> Problem
Please return exactly the lines from the one containing "by (simp only: sum_distrib_left[symmetric]" through the end of the records, including both.

*** Opening Records for the task ***

(* Let $a,a',c,c'\in\mathbb{C}$ with $c,c'$ not non-positive integers, and $x,y\in\mathbb{C}$. Then $${}_1F_1\!\left({a\atop c};x\right){}_1F_1\!\left({a'\atop c'};y\right)=\sum_{j=0}^\infty D_j\,(x+y)^j\,{}_2F_1\!\left({-j,\ c+c'+j-1\atop c};\frac{x}{x+y}\right){}_1F_1\!\left({a+a'+j\atop c+c'+2j};x+y\right),$$ where $$D_j=\frac{(c)_j(a+a')_j}{j!\,(c')_j(c+c'+j-1)_j}\,{}_3F_2\!\left({-j,\ a,\ c+c'+j-1\atop a+a',\ c};1\right).$$
   Context: $(\alpha)_n$ is the Pochhammer symbol. The product $(x+y)^j\,{}_2F_1(-j,c+c'+j-1;c;x/(x+y))$ is understood as the polynomial $\sum_{m=0}^j\frac{(-j)_m(c+c'+j-1)_m}{(c)_m\,m!}x^m(x+y)^{j-m}$. *)

theory Defs
  imports "HOL-Analysis.Analysis"
begin

definition hyp1F1 :: "complex \<Rightarrow> complex \<Rightarrow> complex \<Rightarrow> complex" where
  "hyp1F1 a c z = (\<Sum>n. pochhammer a n / (pochhammer c n * fact n) * z ^ n)"

definition hyp3F2_term :: "nat \<Rightarrow> complex \<Rightarrow> complex \<Rightarrow> complex \<Rightarrow> complex \<Rightarrow> complex" where
  "hyp3F2_term j a1 a2 b1 b2 =
     (\<Sum>m\<le>j. pochhammer (- of_nat j) m * pochhammer a1 m * pochhammer a2 m
              / (pochhammer b1 m * pochhammer b2 m * fact m))"

text \<open>The homogenised polynomial (x+y)^j 2F1(-j, e; c; x/(x+y)).\<close>
definition hom2F1 :: "nat \<Rightarrow> complex \<Rightarrow> complex \<Rightarrow> complex \<Rightarrow> complex \<Rightarrow> complex" where
  "hom2F1 j e c x y =
     (\<Sum>m\<le>j. pochhammer (- of_nat j) m * pochhammer e m / (pochhammer c m * fact m)
              * x ^ m * (x + y) ^ (j - m))"

definition coeffD :: "complex \<Rightarrow> complex \<Rightarrow> complex \<Rightarrow> complex \<Rightarrow> nat \<Rightarrow> complex" where
  "coeffD a a' c c' j =
     pochhammer c j * pochhammer (a + a') j
       / (fact j * pochhammer c' j * pochhammer (c + c' + of_nat j - 1) j)
     * hyp3F2_term j a (c + c' + of_nat j - 1) (a + a') c"

end

theory Submission
  imports Defs "Jordan_Normal_Form.Determinant" "HOL-Computational_Algebra.Formal_Power_Series"
begin

text \<open>
  Both sides are power series in \<open>x\<close> and \<open>y\<close>, and we compare their homogeneous parts
  of each degree \<open>N\<close>. Binary forms of degree \<open>N\<close> carry the inner product with weights
  \<open>p! (c)\<^sub>p (N - p)! (c')\<^sub>N\<^sub>-\<^sub>p\<close> on the monomials \<open>x\<^sup>p y\<^sup>N\<^sup>-\<^sup>p\<close>,
  for which multiplication by \<open>x + y\<close> has an explicit adjoint. In degree \<open>j\<close> the
  kernel of this adjoint contains the form \<open>(x + y)\<^sup>j 2F1(-j, c + c' + j - 1; c; x / (x + y))\<close>,
  and multiplying these kernel forms by powers of \<open>x + y\<close> gives an orthogonal basis in
  every degree. The degree \<open>N\<close> part of the left-hand side is
  \<open>\<Sum>\<^sub>p x\<^sup>p y\<^sup>N\<^sup>-\<^sup>p (a)\<^sub>p (a')\<^sub>N\<^sub>-\<^sub>p / weight p\<close>;
  expanding it in the orthogonal basis (Parseval) gives the degree \<open>N\<close> part of the
  right-hand side, where the substitution
  \<open>x\<^sup>p y\<^sup>N\<^sup>-\<^sup>p \<mapsto> (a)\<^sub>p (a')\<^sub>N\<^sub>-\<^sub>p\<close>
  applied to the kernel forms produces the \<open>3F2\<close> coefficients. Factorial bounds make the
  resulting double series absolutely convergent, so summing it by rows gives the same value as
  summing it by degrees.
\<close>

lemma pochhammer_minus_of_nat:
  "pochhammer (- of_nat j :: complex) m = (- 1) ^ m * fact m * of_nat (j choose m)"
proof -
  have sq: "(- 1 :: complex) ^ m * (- 1) ^ m = 1"
    by (simp flip: power_mult_distrib)
  have "of_nat (j choose m) = ((- 1) ^ m * pochhammer (- of_nat j) m / fact m :: complex)"
    by (simp add: binomial_gbinomial gbinomial_pochhammer)
  then show ?thesis
    by (simp add: field_simps mult.assoc[symmetric] sq)
qed

lemma fact_mult_fact_le: "p \<le> d \<Longrightarrow> fact p * fact (d - p) \<le> (fact d :: real)"
proof -
  assume "p \<le> d"
  then have "fact p * fact (d - p) * 1 \<le> fact p * fact (d - p) * real (d choose p)"
    by (intro mult_left_mono) (auto simp: Suc_le_eq)
  also have "\<dots> = fact d"
    using binomial_fact[OF \<open>p \<le> d\<close>, where 'a = real] by simp
  finally show ?thesis by simp
qed

lemma Suc_le_power2: "real (Suc j) \<le> 2 ^ j"
proof -
  have "Suc j \<le> 2 ^ j" using less_exp[of j] by (rule Suc_leI)
  then have "real (Suc j) \<le> real (2 ^ j)" by (simp only: of_nat_le_iff)
  then show ?thesis by simp
qed

lemma parseval_of_completeness:
  fixes B :: "nat \<Rightarrow> nat \<Rightarrow> complex"
  assumes complete: "\<And>p q. p \<le> N \<Longrightarrow> q \<le> N \<Longrightarrow>
      (\<Sum>j\<le>N. B j p * B j q / n j) = (if p = q then 1 / W p else 0)"
  shows "(\<Sum>j\<le>N. (\<Sum>q\<le>N. B j q * A q) * (\<Sum>p\<le>N. B j p * X p) / n j) = (\<Sum>p\<le>N. X p * A p / W p)"
proof -
  have "(\<Sum>j\<le>N. (\<Sum>q\<le>N. B j q * A q) * (\<Sum>p\<le>N. B j p * X p) / n j)
      = (\<Sum>j\<le>N. \<Sum>q\<le>N. \<Sum>p\<le>N. X p * A q * (B j p * B j q / n j))"
    by (simp add: sum_product sum_divide_distrib mult_ac)
  also have "\<dots> = (\<Sum>q\<le>N. \<Sum>j\<le>N. \<Sum>p\<le>N. X p * A q * (B j p * B j q / n j))"
    by (rule sum.swap)
  also have "\<dots> = (\<Sum>q\<le>N. \<Sum>p\<le>N. \<Sum>j\<le>N. X p * A q * (B j p * B j q / n j))"
    by (intro sum.cong refl sum.swap)
  also have "\<dots> = (\<Sum>q\<le>N. \<Sum>p\<le>N. if p = q then X p * A q / W p else 0)"
  proof (intro sum.cong refl)
    fix p q assume "p \<in> {..N}" "q \<in> {..N}"
    then show "(\<Sum>j\<le>N. X p * A q * (B j p * B j q / n j)) = (if p = q then X p * A q / W p else 0)"
      by (simp only: sum_distrib_left[symmetric] complete atMost_iff) simp
  qed
  finally show ?thesis by simp
qed

section \<open>Binary forms\<close>

text \<open>A coefficient sequence \<open>f\<close>, together with a degree \<open>d\<close> fixed by the context,
  stands for the binary form \<open>\<Sum>p\<le>d. f p x\<^sup>p y\<^sup>d\<^sup>-\<^sup>p\<close>;
  \<open>mul_xy\<close> multiplies it by \<open>x + y\<close>.\<close>

definition mul_xy :: "(nat \<Rightarrow> complex) \<Rightarrow> nat \<Rightarrow> complex" where
  "mul_xy f p = (if p = 0 then 0 else f (p - 1)) + f p"

definition vanishes_above :: "nat \<Rightarrow> (nat \<Rightarrow> complex) \<Rightarrow> bool" where
  "vanishes_above d f \<longleftrightarrow> (\<forall>p>d. f p = 0)"

text \<open>For \<open>u = power x\<close> and \<open>v = power y\<close> this is the value of the form at \<open>(x, y)\<close>;
  Pochhammer symbols in place of the powers produce the \<open>3F2\<close> coefficients.\<close>

definition form_eval ::
    "(nat \<Rightarrow> complex) \<Rightarrow> (nat \<Rightarrow> complex) \<Rightarrow> nat \<Rightarrow> (nat \<Rightarrow> complex) \<Rightarrow> complex" where
  "form_eval u v d f = (\<Sum>p\<le>d. f p * u p * v (d - p))"

definition monom_binom :: "nat \<Rightarrow> nat \<Rightarrow> nat \<Rightarrow> complex" where
  "monom_binom m r q = (if m \<le> q then of_nat (r choose (q - m)) else 0)"

lemma vanishes_above_mul_xy: "vanishes_above d f \<Longrightarrow> vanishes_above (Suc d) (mul_xy f)"
  by (auto simp: vanishes_above_def mul_xy_def)

lemma vanishes_above_mul_xy_pow: "vanishes_above d f \<Longrightarrow> vanishes_above (d + k) ((mul_xy ^^ k) f)"
  by (induction k) (auto intro: vanishes_above_mul_xy)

*** Closing Records for the task ***

> Reply
      by (simp only: sum_distrib_left[symmetric] complete atMost_iff) simp
  qed
  finally show ?thesis by simp
qed

section \<open>Binary forms\<close>

text \<open>A coefficient sequence \<open>f\<close>, together with a degree \<open>d\<close> fixed by the context,
  stands for the binary form \<open>\<Sum>p\<le>d. f p x\<^sup>p y\<^sup>d\<^sup>-\<^sup>p\<close>;
  \<open>mul_xy\<close> multiplies it by \<open>x + y\<close>.\<close>

definition mul_xy :: "(nat \<Rightarrow> complex) \<Rightarrow> nat \<Rightarrow> complex" where
  "mul_xy f p = (if p = 0 then 0 else f (p - 1)) + f p"

definition vanishes_above :: "nat \<Rightarrow> (nat \<Rightarrow> complex) \<Rightarrow> bool" where
  "vanishes_above d f \<longleftrightarrow> (\<forall>p>d. f p = 0)"

text \<open>For \<open>u = power x\<close> and \<open>v = power y\<close> this is the value of the form at \<open>(x, y)\<close>;
  Pochhammer symbols in place of the powers produce the \<open>3F2\<close> coefficients.\<close>

definition form_eval ::
    "(nat \<Rightarrow> complex) \<Rightarrow> (nat \<Rightarrow> complex) \<Rightarrow> nat \<Rightarrow> (nat \<Rightarrow> complex) \<Rightarrow> complex" where
  "form_eval u v d f = (\<Sum>p\<le>d. f p * u p * v (d - p))"

definition monom_binom :: "nat \<Rightarrow> nat \<Rightarrow> nat \<Rightarrow> complex" where
  "monom_binom m r q = (if m \<le> q then of_nat (r choose (q - m)) else 0)"

lemma vanishes_above_mul_xy: "vanishes_above d f \<Longrightarrow> vanishes_above (Suc d) (mul_xy f)"
  by (auto simp: vanishes_above_def mul_xy_def)

lemma vanishes_above_mul_xy_pow: "vanishes_above d f \<Longrightarrow> vanishes_above (d + k) ((mul_xy ^^ k) f)"
  by (induction k) (auto intro: vanishes_above_mul_xy)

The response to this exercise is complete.